[Stored items]
________________________________________

(* Let $\mathsf X$ be a metric space and $Q$ a transition kernel on $\mathsf X$. Then: (a) if $Q$ is strongly irreducible, then $Q$ is weakly irreducible; (b) if $Q$ is weakly irreducible, then $Q$ is open set irreducible.
   Context: $\mathscr B$ is the Borel $\sigma$-algebra of $\mathsf X$. A transition kernel on $\mathsf X$ is a map $Q:\mathsf X\times\mathscr B\to[0,1]$ that is Borel measurable in its first argument and a probability measure in its second; $Q^n$ denotes the $n$-step kernel, $Q^n(x,B)=(Q^n\mathbb 1_B)(x)$, where $Q$ also denotes the Markov operator $(Qf)(x)=\int f(x')Q(x,\mathrm dx')$ on $b\mathsf X$, the Banach space of bounded Borel measurable real functions on $\mathsf X$ with the supremum norm and pointwise order. $b\mathsf X_+$ denotes its nonnegative elements, $b\mathsf X'$ its dual, and $b\mathsf X'_+$ the positive functionals. An ideal of $b\mathsf X$ is a linear subspace $I$ with $f\in I$, $|g|\le|f|\Rightarrow g\in I$; it is invariant for $K$ if $KI\subset I$. A positive linear operator on $b\mathsf X$ is irreducible if its only invariant ideals are $\{0\}$ and $b\mathsf X$; equivalently (a standard fact), for every nonzero $f\in b\mathsf X_+$ and nonzero $\mu\in b\mathsf X'_+$ there is $m\in\mathbb N=\{1,2,\dots\}$ with $\mu(K^mf)>0$. $Q$ is strongly irreducible if its Markov operator is irreducible in this sense. $Q$ is weakly irreducible if there is a measure $\pi$ on $(\mathsf X,\mathscr B)$ such that $\pi(G)>0$ for every nonempty open $G$, and $Q$ is $\pi$-irreducible: for every $x\in\mathsf X$ and every $B\in\mathscr B$ with $\pi(B)>0$ there is $n\in\mathbb N$ with $Q^n(x,B)>0$. A point $y$ is $Q$-reachable from $x$ if for each open neighborhood $G$ of $y$ there is $n\in\mathbb N$ with $Q^n(x,G)>0$; $Q$ is open set irreducible if every $y$ is $Q$-reachable from every $x$. *)

theory Defs
  imports "HOL-Probability.Probability"
begin
(* Let $S=K[x_1,\ldots,x_n]$ be a polynomial ring over a field $K$, let $I\subseteq S$ be a squarefree monomial ideal all of whose minimal monomial generators have the same degree, let $x$ be one of the variables, and let $s$ be a positive integer. If $I^s$ has linear quotients, then $(I^x)^s$ has linear quotients.
   Context: A monomial ideal $J$ generated in a single degree, with minimal monomial generators $u_1,\ldots,u_r$, has linear quotients if there is an ordering $u_1>\cdots>u_r$ of these generators such that for each $1\le i<r$ the colon ideal $(u_1,\ldots,u_i):u_{i+1}$ is generated by a subset of the variables. Duplicate ideal: let $m_1,\ldots,m_q$ be all minimal monomial generators of $I$ divisible by $x$, and let $y$ be a new variable (adjoined to the ring) not dividing any generator of $I$. The duplicate ideal of $I$ by $x$ is $I^x=I+\big(\tfrac{m_1}{x}y,\ldots,\tfrac{m_q}{x}y\big)$; if $x$ divides no generator of $I$, then $I^x=I$. *)

theory Defs
  imports "HOL-Library.Multiset"
begin

text \<open>Monomials in variables of type 'v are multisets of variables (count = exponent).
  Divisibility is multiset inclusion, product is multiset sum, degree is size.
  A monomial ideal of K[variables] is identified with the set of monomials it contains.\<close>

type_synonym 'v monomial = "'v multiset"

definition mideal :: "'v monomial set \<Rightarrow> 'v monomial set" where
  "mideal G = {m. \<exists>g\<in>G. g \<subseteq># m}"

definition is_monomial_ideal :: "'v monomial set \<Rightarrow> bool" where
  "is_monomial_ideal J \<longleftrightarrow> (\<exists>G. finite G \<and> J = mideal G)"

definition mingens :: "'v monomial set \<Rightarrow> 'v monomial set" where
  "mingens J = {u\<in>J. \<forall>v\<in>J. v \<subseteq># u \<longrightarrow> v = u}"

definition mvar :: "'v \<Rightarrow> 'v monomial" where
  "mvar v = {#v#}"

definition colon :: "'v monomial set \<Rightarrow> 'v monomial \<Rightarrow> 'v monomial set" where
  "colon J u = {m. m + u \<in> J}"
(* Let $Z_n=X^*_{2^n}$. There exist a sequence of integers $n_k\to\infty$ and a constant $C<\infty$ such that for all $k$, $$E Z_{n_k+1}\le E Z_{n_k}+C .$$
   Context: For an integer $N\ge 1$ let $V_N=(\{0,1,\dots,N\})^2\subset\mathbb Z^2$, $V_N^o=(\{1,\dots,N-1\})^2$, and $\partial V_N=V_N\setminus V_N^o$. Let $\{w_m\}_{m\ge0}$ be simple random walk on $\mathbb Z^2$ started in $V_N$, killed at $\tau=\min\{m: w_m\in\partial V_N\}$, and define the Green function $G_N(x,y)=E^x\big(\sum_{m=0}^{\tau}\mathbf 1_{\{w_m=y\}}\big)$ for $x,y\in V_N$ (with $E^x$ expectation for the walk started at $x$; in particular $G_N(x,y)=0$ if $x$ or $y\in\partial V_N$). The discrete Gaussian free field (GFF) on $V_N$ with Dirichlet boundary conditions is the centered Gaussian field $\{X^N_z\}_{z\in V_N}$ with covariance $E[X^N_xX^N_y]=G_N(x,y)$. Write $X_N^*=\max_{z\in V_N}X^N_z$. *)

theory Defs
  imports "HOL-Probability.Probability"
begin

definition VN :: "nat \<Rightarrow> (int \<times> int) set" where
  "VN N = {0..int N} \<times> {0..int N}"

definition VNint :: "nat \<Rightarrow> (int \<times> int) set" where
  "VNint N = {1..int N - 1} \<times> {1..int N - 1}"

definition bdVN :: "nat \<Rightarrow> (int \<times> int) set" where
  "bdVN N = VN N - VNint N"

definition adj :: "int \<times> int \<Rightarrow> int \<times> int \<Rightarrow> bool" where
  "adj z y \<longleftrightarrow> \<bar>fst z - fst y\<bar> + \<bar>snd z - snd y\<bar> = 1"

text \<open>killed_p N m x y = P^x(w_m = y and w_0, ..., w_(m-1) stay in the interior),
  for simple random walk (step probability 1/4 to each neighbour), x and y interior.\<close>
fun killed_p :: "nat \<Rightarrow> nat \<Rightarrow> int \<times> int \<Rightarrow> int \<times> int \<Rightarrow> real" where
  "killed_p N 0 x y = (if x = y then 1 else 0)"
| "killed_p N (Suc m) x y =
     (\<Sum>z\<in>VNint N. killed_p N m x z * (if adj z y then 1/4 else 0))"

________________________________________

Exercise: Reproduce the data exactly. Keep every line intact.

Expected answer:
(* Let $\mathsf X$ be a metric space and $Q$ a transition kernel on $\mathsf X$. Then: (a) if $Q$ is strongly irreducible, then $Q$ is weakly irreducible; (b) if $Q$ is weakly irreducible, then $Q$ is open set irreducible.
   Context: $\mathscr B$ is the Borel $\sigma$-algebra of $\mathsf X$. A transition kernel on $\mathsf X$ is a map $Q:\mathsf X\times\mathscr B\to[0,1]$ that is Borel measurable in its first argument and a probability measure in its second; $Q^n$ denotes the $n$-step kernel, $Q^n(x,B)=(Q^n\mathbb 1_B)(x)$, where $Q$ also denotes the Markov operator $(Qf)(x)=\int f(x')Q(x,\mathrm dx')$ on $b\mathsf X$, the Banach space of bounded Borel measurable real functions on $\mathsf X$ with the supremum norm and pointwise order. $b\mathsf X_+$ denotes its nonnegative elements, $b\mathsf X'$ its dual, and $b\mathsf X'_+$ the positive functionals. An ideal of $b\mathsf X$ is a linear subspace $I$ with $f\in I$, $|g|\le|f|\Rightarrow g\in I$; it is invariant for $K$ if $KI\subset I$. A positive linear operator on $b\mathsf X$ is irreducible if its only invariant ideals are $\{0\}$ and $b\mathsf X$; equivalently (a standard fact), for every nonzero $f\in b\mathsf X_+$ and nonzero $\mu\in b\mathsf X'_+$ there is $m\in\mathbb N=\{1,2,\dots\}$ with $\mu(K^mf)>0$. $Q$ is strongly irreducible if its Markov operator is irreducible in this sense. $Q$ is weakly irreducible if there is a measure $\pi$ on $(\mathsf X,\mathscr B)$ such that $\pi(G)>0$ for every nonempty open $G$, and $Q$ is $\pi$-irreducible: for every $x\in\mathsf X$ and every $B\in\mathscr B$ with $\pi(B)>0$ there is $n\in\mathbb N$ with $Q^n(x,B)>0$. A point $y$ is $Q$-reachable from $x$ if for each open neighborhood $G$ of $y$ there is $n\in\mathbb N$ with $Q^n(x,G)>0$; $Q$ is open set irreducible if every $y$ is $Q$-reachable from every $x$. *)

theory Defs
  imports "HOL-Probability.Probability"
begin
(* Let $S=K[x_1,\ldots,x_n]$ be a polynomial ring over a field $K$, let $I\subseteq S$ be a squarefree monomial ideal all of whose minimal monomial generators have the same degree, let $x$ be one of the variables, and let $s$ be a positive integer. If $I^s$ has linear quotients, then $(I^x)^s$ has linear quotients.
   Context: A monomial ideal $J$ generated in a single degree, with minimal monomial generators $u_1,\ldots,u_r$, has linear quotients if there is an ordering $u_1>\cdots>u_r$ of these generators such that for each $1\le i<r$ the colon ideal $(u_1,\ldots,u_i):u_{i+1}$ is generated by a subset of the variables. Duplicate ideal: let $m_1,\ldots,m_q$ be all minimal monomial generators of $I$ divisible by $x$, and let $y$ be a new variable (adjoined to the ring) not dividing any generator of $I$. The duplicate ideal of $I$ by $x$ is $I^x=I+\big(\tfrac{m_1}{x}y,\ldots,\tfrac{m_q}{x}y\big)$; if $x$ divides no generator of $I$, then $I^x=I$. *)

theory Defs
  imports "HOL-Library.Multiset"
begin

text \<open>Monomials in variables of type 'v are multisets of variables (count = exponent).
  Divisibility is multiset inclusion, product is multiset sum, degree is size.
  A monomial ideal of K[variables] is identified with the set of monomials it contains.\<close>

type_synonym 'v monomial = "'v multiset"

definition mideal :: "'v monomial set \<Rightarrow> 'v monomial set" where
  "mideal G = {m. \<exists>g\<in>G. g \<subseteq># m}"

definition is_monomial_ideal :: "'v monomial set \<Rightarrow> bool" where
  "is_monomial_ideal J \<longleftrightarrow> (\<exists>G. finite G \<and> J = mideal G)"

definition mingens :: "'v monomial set \<Rightarrow> 'v monomial set" where
  "mingens J = {u\<in>J. \<forall>v\<in>J. v \<subseteq># u \<longrightarrow> v = u}"

definition mvar :: "'v \<Rightarrow> 'v monomial" where
  "mvar v = {#v#}"

definition colon :: "'v monomial set \<Rightarrow> 'v monomial \<Rightarrow> 'v monomial set" where
  "colon J u = {m. m + u \<in> J}"
(* Let $Z_n=X^*_{2^n}$. There exist a sequence of integers $n_k\to\infty$ and a constant $C<\infty$ such that for all $k$, $$E Z_{n_k+1}\le E Z_{n_k}+C .$$
   Context: For an integer $N\ge 1$ let $V_N=(\{0,1,\dots,N\})^2\subset\mathbb Z^2$, $V_N^o=(\{1,\dots,N-1\})^2$, and $\partial V_N=V_N\setminus V_N^o$. Let $\{w_m\}_{m\ge0}$ be simple random walk on $\mathbb Z^2$ started in $V_N$, killed at $\tau=\min\{m: w_m\in\partial V_N\}$, and define the Green function $G_N(x,y)=E^x\big(\sum_{m=0}^{\tau}\mathbf 1_{\{w_m=y\}}\big)$ for $x,y\in V_N$ (with $E^x$ expectation for the walk started at $x$; in particular $G_N(x,y)=0$ if $x$ or $y\in\partial V_N$). The discrete Gaussian free field (GFF) on $V_N$ with Dirichlet boundary conditions is the centered Gaussian field $\{X^N_z\}_{z\in V_N}$ with covariance $E[X^N_xX^N_y]=G_N(x,y)$. Write $X_N^*=\max_{z\in V_N}X^N_z$. *)

theory Defs
  imports "HOL-Probability.Probability"
begin

definition VN :: "nat \<Rightarrow> (int \<times> int) set" where
  "VN N = {0..int N} \<times> {0..int N}"

definition VNint :: "nat \<Rightarrow> (int \<times> int) set" where
  "VNint N = {1..int N - 1} \<times> {1..int N - 1}"

definition bdVN :: "nat \<Rightarrow> (int \<times> int) set" where
  "bdVN N = VN N - VNint N"

definition adj :: "int \<times> int \<Rightarrow> int \<times> int \<Rightarrow> bool" where
  "adj z y \<longleftrightarrow> \<bar>fst z - fst y\<bar> + \<bar>snd z - snd y\<bar> = 1"

text \<open>killed_p N m x y = P^x(w_m = y and w_0, ..., w_(m-1) stay in the interior),
  for simple random walk (step probability 1/4 to each neighbour), x and y interior.\<close>
fun killed_p :: "nat \<Rightarrow> nat \<Rightarrow> int \<times> int \<Rightarrow> int \<times> int \<Rightarrow> real" where
  "killed_p N 0 x y = (if x = y then 1 else 0)"
| "killed_p N (Suc m) x y =
     (\<Sum>z\<in>VNint N. killed_p N m x z * (if adj z y then 1/4 else 0))"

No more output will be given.